While there have been many questions about the future of data warehouses, industry observers tend to agree that they are evolving and their role is just as crucial as ever.
There is speculation today about how data warehouses and data lakes will share the enterprise stage.
Data lakes—a place to store diverse datasets without having to build a model first—have seen adoption rise as data managers seek to develop ways to rapidly capture and store data from a multitude of sources in various formats. Overall, 38% of organizations in a recent Unisphere Research survey are employing data lakes as part of their data architecture, up from 20% in the 2016 survey. Another 15% are currently considering adoption.
At the same time, data warehouses aren’t going away anytime soon because they “allow analysts to slice and dice the data to determine important insights derivable for a variety of purposes, such as driving better decisions, and laying out better organizational and pricing strategies,” believes VoltDB CTO Dheeraj Remella. “Not all insights need to be utilized in a real-time manner.”
Gerrit Kazmaier, EVP of HANA and analytics at SAP, agreed that data warehouses continue to play a vital role in enterprises. “Every enterprise needs a consistent and interconnected view of its data across its operations, customers, suppliers, and employees to understand its business. To make this possible, it is crucial to consider the key parts of the data value chain: the storage, quality and semantics, and usage of the data. Without a comprehensive, secure, consistent, and fast data management system, essential data loses its value and can even become a burden on a business.”
Traditional data management systems are still deeply embedded within enterprises, added Kim Kaluba, senior manager of data management solutions at SAS. Such systems “will continue to be viable offerings because of their maturity and strong user community, as well as plentiful resources to support these environments.” Nonetheless, with emerging players and technologies, data warehousing solutions will have to get cheaper and more efficient, Kaluba observed.
For companies that don’t have a data warehouse implementation, “the outlook appears quite different, with a ‘data lake first’ strategy generally taking precedence,” said Rob Small, principal consultant with Dell Technologies Consulting. “For the time being, data warehouses will remain at the core of enterprises, serving as the source of truth for operational reporting and BI. What is changing drastically is the underlying technical and data management architecture.” There is a broad, cross-industry trend to move away from the traditional vendor offerings and to migrate to different platforms and alternative data integration strategies to reduce cost, improve operational efficiency, and better support user needs around self-service analytics, Small said.

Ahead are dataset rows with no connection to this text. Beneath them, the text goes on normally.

(* Let $C>0$, $C'>0$ and $n\geq\mathrm{e}^{C/8}M\log M$, and draw the entries of an $M\times n$ matrix $\Phi=\{\varphi_i\}_{i=1}^n$ independently from $\mathbb{C}\mathcal{N}(0,\frac1M)$. Given $x\in\mathbb{C}^M\setminus\{0\}$, consider $z_i:=|\langle x,\varphi_i\rangle|^2+\nu_i$, $i=1,\dots,n$, where the real noise vector $\nu=\{\nu_i\}_{i=1}^n$ satisfies $\frac{\|\nu\|}{\|x\|^2}\leq\frac{C'}{\sqrt{M}}$. Let $\beta:=3\mathrm{e}^{-C/8}$. Then with overwhelming probability, \[ \#\Big\{i:\ z_i>\frac{2C}{M}\|x\|^2\Big\}<2\beta n . \]
   Context: $\mathbb{C}\mathcal{N}(0,\sigma^2)$ is the complex Gaussian with independent $\mathcal{N}(0,\sigma^2/2)$ real and imaginary parts. "With overwhelming probability" means with probability tending to $1$ exponentially fast as $M\to\infty$ (probability at least $1-c_0\mathrm{e}^{-c_1M}$ for constants $c_0,c_1>0$), for $M$ sufficiently large. *)

theory Defs
  imports "HOL-Probability.Probability"
begin

text \<open>Complex Gaussian CN(0, s2): independent real and imaginary parts, each N(0, s2/2).
  normal_density mu sigma uses sigma as standard deviation.\<close>
definition cgauss :: "real \<Rightarrow> complex measure" where
  "cgauss s2 = distr
     (density lborel (normal_density 0 (sqrt (s2 / 2))) \<Otimes>\<^sub>M
      density lborel (normal_density 0 (sqrt (s2 / 2))))
     borel (\<lambda>(a, b). Complex a b)"
lemma exists_max_vertex:
  obtains i where "\<And>j. det2 (U j) v \<le> det2 (U i) v"
proof -
  obtain i where "\<forall>j<N. det2 (U j) v \<le> det2 (U i) v"
    using ex_is_arg_min_if_finite[of "{..<N}" "\<lambda>j. - det2 (U j) v"] three_le_N
    by (auto simp: is_arg_min_linorder)
  then show ?thesis
    using that U_mod three_le_N by (metis mod_less_divisor not_numeral_le_zero neq0_conv)
qed

lemma dual_norm_convex_hull:
  assumes "\<And>j. det2 (U j) v \<le> det2 (U i) v"
  shows "dual_norm (convex hull (U ` {..<N})) v = det2 (U i) v"
  unfolding dual_norm_def using vertex_in_image assms
  by (intro Sup_det2_convex_hull) auto

text \<open>If [-, v] decreased along the edge e ending at U (Suc a) but increased along the next edge e',
  then by Cramer's rule and convexity U (i + m) - U (Suc a) would lie in the cone spanned by -e and e',
  so [U (i + m), v] > [U (Suc a), v], contradicting minimality.\<close>
lemma det2_descends_from_max_to_min:
  assumes max: "\<And>j. det2 (U j) v \<le> det2 (U i) v"
    and min: "\<And>j. det2 (U (i + m)) v \<le> det2 (U j) v"
    and "m < N" "k < m"
  shows "det2 (U (Suc (i + k))) v \<le> det2 (U (i + k)) v"
  using \<open>k < m\<close>
proof (induction k)
  case 0
  then show ?case using max by simp
next
  case (Suc k)
  define a where "a = i + k"
  define e where "e = U (Suc a) - U a"
  define e' where "e' = U (Suc (Suc a)) - U (Suc a)"
  define x where "x = U (i + m) - U (Suc a)"
  have fe: "det2 e v \<le> 0"
    using Suc by (simp add: a_def e_def det2_diff_left)
  show ?case
  proof (rule ccontr)
    assume "\<not> ?case"
    then have fe': "0 < det2 e' v"
      by (simp add: e'_def a_def det2_diff_left)
    have "i + m = a + (m - k)" "i + m = Suc a + (m - Suc k)"
      using Suc.prems by (simp_all add: a_def)
    then have "(i + m) mod N \<noteq> a mod N" "(i + m) mod N \<noteq> Suc a mod N"
      using add_mod_neq[of "m - k" N a] add_mod_neq[of "m - Suc k" N "Suc a"] Suc.prems \<open>m < N\<close>
      by simp_all
    then have "0 < det2 e (U (i + m) - U a)"
      using ccw_mod[of "i + m" a] by (simp add: e_def)
    moreover have "U (i + m) - U a = x + e" by (simp add: x_def e_def)
    ultimately have left_of_e: "0 < det2 e x"
      by (simp add: det2_def algebra_simps)
    have left_of_e': "0 \<le> det2 e' x"
      using ccw_nonneg[of "Suc a" "i + m"] by (simp add: e'_def x_def)
    have "(a + 2) mod N \<noteq> a mod N" "(Suc a + 1) mod N \<noteq> Suc a mod N"
      using add_mod_neq[of 2 N a] add_mod_neq[of 1 N "Suc a"] three_le_N by simp_all
    then have "0 < det2 e (U (Suc (Suc a)) - U a)"
      using ccw_mod[of "Suc (Suc a)" a] by (simp add: e_def)
    moreover have "U (Suc (Suc a)) - U a = e + e'" by (simp add: e_def e'_def)
    ultimately have turn: "0 < det2 e e'"
      by (simp add: det2_def algebra_simps)
    have "det2 e e' * det2 x v = det2 x e' * det2 e v + det2 e x * det2 e' v"
      using arg_cong[OF det2_cramer[of e e' x], of "\<lambda>y. det2 y v"]
      by (simp add: det2_add_left det2_scaleR_left)
    moreover have "det2 x e' * det2 e v \<ge> 0"
      using left_of_e' fe det2_commute[of x e'] by (simp add: mult_nonneg_nonpos)
    ultimately have "0 < det2 x v"
      using left_of_e fe' turn by (smt (verit) mult_pos_pos zero_less_mult_iff)
    moreover have "det2 x v \<le> 0"
      using min[of "Suc a"] by (simp add: x_def det2_diff_left)
    ultimately show False by simp
  qed
qed
lemma inner_lt_inner_self:
  fixes x v :: "'a::real_inner"
  assumes "x \<bullet> x = v \<bullet> v" "x \<noteq> v"
  shows "v \<bullet> x < v \<bullet> v"
proof -
  have "0 < (x - v) \<bullet> (x - v)"
    using assms(2) by simp
  also have "\<dots> = 2 * (v \<bullet> v - v \<bullet> x)"
    using assms(1) by (simp add: inner_diff inner_commute)
  finally show ?thesis
    by simp
qed

definition transversal :: "('n \<times> bool) set \<Rightarrow> bool" where
  "transversal B \<longleftrightarrow> (\<forall>i. (i, False) \<in> B \<longleftrightarrow> (i, True) \<notin> B)"

lemma transversal_mem_iff: "transversal B \<Longrightarrow> (i, b) \<in> B \<longleftrightarrow> b = ((i, True) \<in> B)"
  by (cases b) (auto simp: transversal_def)

lemma admissible_card_imp_transversal:
  fixes B :: "('n::finite \<times> bool) set"
  assumes adm: "admissible B" and card: "card B = CARD('n)"
  shows "transversal B"
proof -
  have "(i, True) \<in> B \<longleftrightarrow> (i, False) \<notin> B" for i
  proof -
    have "inj_on fst B"
      using adm unfolding admissible_def inj_on_def by (metis (full_types) prod.collapse)
    then have "card (fst ` B) = CARD('n)"
      using card by (simp add: card_image)
    then have "fst ` B = UNIV"
      by (simp add: card_eq_UNIV_imp_eq_UNIV)
    then obtain b where "(i, b) \<in> B"
      by (metis UNIV_I imageE prod.collapse)
    then show ?thesis
      using adm unfolding admissible_def by (cases b) auto
  qed
  then show ?thesis
    unfolding transversal_def by blast
qed

lemma delta_matroid_transversal: "delta_matroid F \<Longrightarrow> B \<in> F \<Longrightarrow> transversal B"
  unfolding delta_matroid_def using admissible_card_imp_transversal by blast

definition bool_sign :: "bool \<Rightarrow> real" where
  "bool_sign b = (if b then 1 else -1)"

lemma evec_nth: "evec a $ k = (if fst a = k then bool_sign (snd a) else 0)"
  unfolding evec_def bool_sign_def axis_def by auto

lemma eset_nth_subset:
  assumes "transversal S" "X \<subseteq> S"
  shows "eset X $ k = (if (k, (k, True) \<in> S) \<in> X then bool_sign ((k, True) \<in> S) else 0)"
proof -
  define s where "s = (k, (k, True) \<in> S)"
  have "evec a $ k = (if a = s then bool_sign (snd s) else 0)" if "a \<in> X" for a
  proof -
    have "snd a = ((fst a, True) \<in> S)"
      using transversal_mem_iff[OF assms(1), of "fst a" "snd a"] that assms(2) by auto
    then show ?thesis
      by (cases a) (auto simp: evec_nth s_def)
  qed
  then have "eset X $ k = (\<Sum>a\<in>X. if a = s then bool_sign (snd s) else 0)"
    unfolding eset_def by simp
  then show ?thesis
    by (simp add: s_def)
qed

lemma eset_transversal_nth:
  assumes "transversal B"
  shows "eset B $ k = bool_sign ((k, True) \<in> B)"
proof -
  have "(k, (k, True) \<in> B) \<in> B"
    using transversal_mem_iff[OF assms, of k "(k, True) \<in> B"] by blast
  then show ?thesis
    using eset_nth_subset[OF assms subset_refl, of k] by simp
qed

lemma inner_eset_transversal:
  fixes X B :: "('n::finite \<times> bool) set"
  assumes "transversal B"
  shows "eset X \<bullet> eset B = 2 * real (card (X \<inter> B)) - real (card X)"
proof -
  have "evec a \<bullet> eset B = (if a \<in> B then 1 else -1)" for a
  proof -
    have "evec a \<bullet> eset B = bool_sign (snd a) * bool_sign ((fst a, True) \<in> B)"
      using assms by (simp add: evec_def inner_axis' eset_transversal_nth bool_sign_def)
    moreover have "a \<in> B \<longleftrightarrow> snd a = ((fst a, True) \<in> B)"
      using transversal_mem_iff[OF assms, of "fst a" "snd a"] by simp
    ultimately show ?thesis
      by (simp add: bool_sign_def)
  qed
  then have "eset X \<bullet> eset B = real (card (X \<inter> B)) - real (card (X - B))"
    by (simp add: eset_def inner_sum_left sum.If_cases Diff_eq)
  moreover have "card X = card (X \<inter> B) + card (X - B)"
    by (intro card_Int_Diff) simp
  ultimately show ?thesis
    by simp
qed

lemma card_bar_image_Int:
  fixes T B :: "('n \<times> bool) set"
  assumes "transversal B" "finite T"
  shows "card (bar ` T \<inter> B) + card (T \<inter> B) = card T"
proof -
  have "bar a \<in> B \<longleftrightarrow> a \<notin> B" for a
    using assms(1) by (cases a; cases "snd a") (auto simp: transversal_def bar_def)
  then have "bar ` T \<inter> B = bar ` (T - B)"
    by auto
  moreover have "inj_on bar (T - B)"
    by (rule inj_onI) (auto simp: bar_def prod_eq_iff)
  ultimately have "card (bar ` T \<inter> B) = card (T - B)"
    by (simp add: card_image)
  then show ?thesis
    using card_Int_Diff[OF assms(2), of B] by simp
qed

lemma delta_rank_transversals:
  fixes F :: "('n::finite \<times> bool) set set"
  assumes "F \<noteq> {}" "\<And>B. B \<in> F \<Longrightarrow> transversal B"
  shows "delta_rank F T = 2 * int (Max ((\<lambda>B. card (T \<inter> B)) ` F)) - int (card T)"
proof -
  define f where "f m = 2 * int m - int (card T)" for m
  have term_eq: "int (card (T \<inter> B)) - int (card (bar ` T \<inter> B)) = f (card (T \<inter> B))"
    if "B \<in> F" for B
    using card_bar_image_Int[OF assms(2)[OF that], of T] by (simp add: f_def)
  have "delta_rank F T = Max (f ` (\<lambda>B. card (T \<inter> B)) ` F)"
    unfolding delta_rank_def image_image by (simp add: term_eq cong: image_cong)
  also have "\<dots> = f (Max ((\<lambda>B. card (T \<inter> B)) ` F))"
    using assms(1) by (intro mono_Max_commute[symmetric]) (auto simp: f_def mono_def)
  finally show ?thesis
    by (simp add: f_def)
qed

Data warehouses play a functional role in helping organizations to have data integrated in an understandable format that is efficient for queries and in capturing all business rules, added Pedro Desouza, principal for solutions at Dell Technologies Consulting. “The technology part is about how it is implemented. The functional part will remain, but the technology part will change dramatically with every new wave of technological innovations.”
ENTER THE DATA LAKE
Are data lakes—enterprise repositories that capture and organize information before it is transformed for consumption—taking the place of data warehouses? Opinions vary across the industry as to how these two environments will mesh—or clash. According to some experts, there may be a great melding underway. “Data warehouses are in the process of becoming part of data lakes,” said Desouza. “There will be no such thing as one or the other anymore.”
“Data warehouses aren’t necessarily being positioned against data lakes, they’re working in tandem,” Pete Brey, senior product marketing manager at Red Hat, concurred. However, he added, they organize data in different ways. Data lakes are an overarching technology that can accommodate all types of data—structured and unstructured. Data warehouses are specifically designed for structured data.
Not all industry leaders are convinced that data lakes are ready to storm the enterprise, however. “Data lakes are billed as the repositories for big data—data that is too large and diverse, semi-structured and unstructured, to be stored in relational databases,” said Monte Zweben, CEO of Splice Machine. Proponents of data lakes positioned schema-on-read as an advantage so businesses no longer had to worry about the tedious process of defining which tables contained what data and how they are connected to each other—a process that took months and did not allow a single data warehouse query to be executed before it was complete, he said. “We believe the build-it-and-they-will-come philosophy of schema-on-read has failed.”
SELECTING ONE OR THE OTHER
When is it preferable to rely on a data warehouse instead of a data lake for enterprise insights, and vice versa? It depends on the situation, as both bring advantages to the table. Data lakes, for instance, are a great source of primary data, said Jake Freivald, VP at Information Builders. “They’re ideal for non-repeated processes where users already know the data’s context, such as an AI model that looks at raw data to discover new patterns in it. A data warehouse has assumptions already built into its model, which would distort attempts to find new models.”